In the debate over forced disclosure, including disclosure of grassroots lobbying expenditures, proponents of regulation have argued that such forced disclosure poses no threat to free political speech.
Yesterday comes news that Sam Fox has withdrawn his name from consideration as Ambassador to Belgium, a position to which he was nominated by President Bush. Fox’s nomination began to run into trouble when Senator John Kerry (D-MA), showed up at Fox’s hearing to denounce Fox for having contributed to Swift Boat Veterans for Truth – a group that ran ads critical of Senator Kerry during the latter’s 2004 run for president. Now, whether or not financing a political group should disqualify one from serving as Ambassador is an interesting question: perhaps it should. But let us not kid ourselves that retaliation for voicing one’s political views is not real. Sam Fox is not going to be ambassador to Belgium for one reason and one reason only: as TPM Muckraker reports, quoting the Associated Press, "Democrats are raising concerns about Fox’s nomination to be ambassador to Belgium because of a $50,000 contribution Fox made in 2004 to the Swift Boat Veterans for Truth…."

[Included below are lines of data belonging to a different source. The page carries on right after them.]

(* Let $\Bbbk$ be a field of characteristic zero and let $\mathbf{M},\mathbf{s},c_L,c_M\in\Bbbk$. The massive module $\widetilde{V}(\mathbf{M},\mathbf{s},c_L,c_M)$ over the BMS$_3$ algebra is irreducible if and only if $\mathbf{M}+\frac{n^2-1}{24}c_M\neq 0$ for every positive integer $n$.
   Context: The BMS$_3$ algebra $\mathfrak{bms}$ over $\Bbbk$ has basis $\{L_n,M_n\mid n\in\mathbb{Z}\}\cup\{C_L,C_M\}$, with $C_L,C_M$ central and brackets $[L_n,L_m]=(n-m)L_{n+m}+\frac1{12}n(n^2-1)\delta_{m,-n}C_L$, $[L_n,M_m]=(n-m)M_{n+m}+\frac1{12}n(n^2-1)\delta_{m,-n}C_M$, $[M_n,M_m]=0$. Let $\widehat{\mathfrak h}$ be the subalgebra spanned by $\{M_n\mid n\in\mathbb{Z}\}\cup\{L_0,C_L,C_M\}$, and let $\Bbbk|\mathbf{M},\mathbf{s}\rangle$ be the one-dimensional $\widehat{\mathfrak h}$-module with $L_0$ acting by $\mathbf{s}$, $M_0$ by $\mathbf{M}$, $C_L$ by $c_L$, $C_M$ by $c_M$, and $M_n$ by $0$ for $n\neq 0$. The massive module is $\widetilde V(\mathbf{M},\mathbf{s},c_L,c_M)=\mathrm{Ind}_{\widehat{\mathfrak h}}^{\mathfrak{bms}}\Bbbk|\mathbf{M},\mathbf{s}\rangle$. *)

theory Defs
  imports Main
begin

datatype gen = L int | M int | CL | CM

text \<open>Elements of the tensor algebra T(bms) over the field: functions from words
  (lists of generators; the word [g1,...,gk] stands for g1 g2 ... gk) to coefficients,
  with finite support.\<close>
definition Tens :: "(gen list \<Rightarrow> 'a::field) set" where
  "Tens = {f. finite {w. f w \<noteq> 0}}"

definition sgl :: "gen list \<Rightarrow> 'a::field \<Rightarrow> gen list \<Rightarrow> 'a" where
  "sgl w c = (\<lambda>v. if v = w then c else 0)"

definition lmul :: "gen \<Rightarrow> (gen list \<Rightarrow> 'a::field) \<Rightarrow> gen list \<Rightarrow> 'a" where
  "lmul g f = (\<lambda>v. case v of [] \<Rightarrow> 0 | g' # v' \<Rightarrow> if g' = g then f v' else 0)"

text \<open>Lie bracket [x,y] of generators, as a list of (generator, coefficient).\<close>
fun brkc :: "gen \<Rightarrow> gen \<Rightarrow> (gen \<times> 'a::field) list" where
  "brkc (L n) (L m) = [(L (n + m), of_int (n - m))]
      @ (if m = - n then [(CL, of_int (n ^ 3 - n) / 12)] else [])"
| "brkc (L n) (M m) = [(M (n + m), of_int (n - m))]
      @ (if m = - n then [(CM, of_int (n ^ 3 - n) / 12)] else [])"
| "brkc (M m) (L n) = [(M (n + m), - of_int (n - m))]
      @ (if m = - n then [(CM, - (of_int (n ^ 3 - n) / 12))] else [])"
| "brkc _ _ = []"

definition rel_comm :: "gen list \<Rightarrow> gen \<Rightarrow> gen \<Rightarrow> gen list \<Rightarrow> gen list \<Rightarrow> 'a::field" where
  "rel_comm u x y w = (\<lambda>v. sgl (u @ [x, y] @ w) 1 v - sgl (u @ [y, x] @ w) 1 v
      - sum_list (map (\<lambda>(g, c). sgl (u @ [g] @ w) c v) (brkc x y)))"

text \<open>The character of \<open>\<widehat>h\<close> on the one-dimensional module: defined (Some) exactly on
  the basis elements M_n, L_0, C_L, C_M of \<open>\<widehat>h\<close>.\<close>
fun chi :: "'a \<Rightarrow> 'a \<Rightarrow> 'a \<Rightarrow> 'a \<Rightarrow> gen \<Rightarrow> ('a::field) option" where
  "chi Mv s cL cM (L n) = (if n = 0 then Some s else None)"
| "chi Mv s cL cM (M n) = Some (if n = 0 then Mv else 0)"
| "chi Mv s cL cM CL = Some cL"
| "chi Mv s cL cM CM = Some cM"

inductive_set spanS :: "('b \<Rightarrow> 'a::field) set \<Rightarrow> ('b \<Rightarrow> 'a) set" for S where
  zero: "(\<lambda>_. 0) \<in> spanS S"
| base: "f \<in> S \<Longrightarrow> f \<in> spanS S"
| add: "f \<in> spanS S \<Longrightarrow> g \<in> spanS S \<Longrightarrow> (\<lambda>v. f v + g v) \<in> spanS S"
| smul: "f \<in> spanS S \<Longrightarrow> (\<lambda>v. c * f v) \<in> spanS S"

text \<open>Kernel of T(bms) \<rightarrow> U(bms) \<otimes>_{U(\<widehat>h)} k|M,s>: spanned by the two-sided
  commutator relations and the left ideal generated by h - chi(h), h in \<open>\<widehat>h\<close>.\<close>
definition Nsub :: "'a \<Rightarrow> 'a \<Rightarrow> 'a \<Rightarrow> 'a \<Rightarrow> (gen list \<Rightarrow> 'a::field) set" where
  "Nsub Mv s cL cM = spanS
     ({rel_comm u x y w | u x y w. True}
      \<union> {(\<lambda>v. sgl (u @ [h]) 1 v - sgl u c v) | u h c. chi Mv s cL cM h = Some c})"

text \<open>The massive module is Tens / Nsub. Its submodules correspond to subspaces W with
  Nsub \<subseteq> W \<subseteq> Tens closed under left multiplication by generators.\<close>
definition massive_irreducible :: "'a \<Rightarrow> 'a \<Rightarrow> 'a \<Rightarrow> 'a::field \<Rightarrow> bool" where
  "massive_irreducible Mv s cL cM \<longleftrightarrow>
     Nsub Mv s cL cM \<noteq> Tens \<and>
     (\<forall>W. Nsub Mv s cL cM \<subseteq> W \<and> W \<subseteq> Tens
        \<and> (\<forall>f\<in>W. \<forall>g\<in>W. (\<lambda>v. f v + g v) \<in> W)
        \<and> (\<forall>f\<in>W. \<forall>c. (\<lambda>v. c * f v) \<in> W)
        \<and> (\<forall>f\<in>W. \<forall>x. lmul x f \<in> W)
        \<longrightarrow> W = Nsub Mv s cL cM \<or> W = Tens)"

We also find it interesting that this is justified by some on the grounds that the Fox was, "financ[ing] smears and lies of combat veterans," a statement that is clearly, at best, only half true. Most of the Swift Boat Vet ads, from what we can see, involve competing claims in which the best evidence may lead one way or the other, but it is hard to say conclusively that either side is lying. On most of these ads we voice no opinion. On the other hand, however, there seems to be no doubt whatsoever that the most effective Swift Boat Veteran ads, that showing a video clip of Senator Kerry’s testimony to Congress in the early 1970s, in which he accuses U.S. soldiers of numerous atrocities, is clearly true, and has never been denied by Senator Kerry. Nevertheless, one of Fox’s opponents, Senator Chris Dodd (himself now a presidential candidate) was opposing Fox because Fox, "refused to apologize."
This is, pure and simple, retaliation for political speech. Let us not kid ourselves into thinking that this problem does not exist elsewhere. Disclosure is, stripped to its core, government spying on citizen political activity. There are times when its benefits may outweigh its cost, just as we sometimes allow government to spy on, surveil, or track its citizens in other circumstances. But it should not be undertaken lightly. It is not, "just disclosure." It is regulation of fundamental First Amendment Rights that can only be justified by a compelling government interest.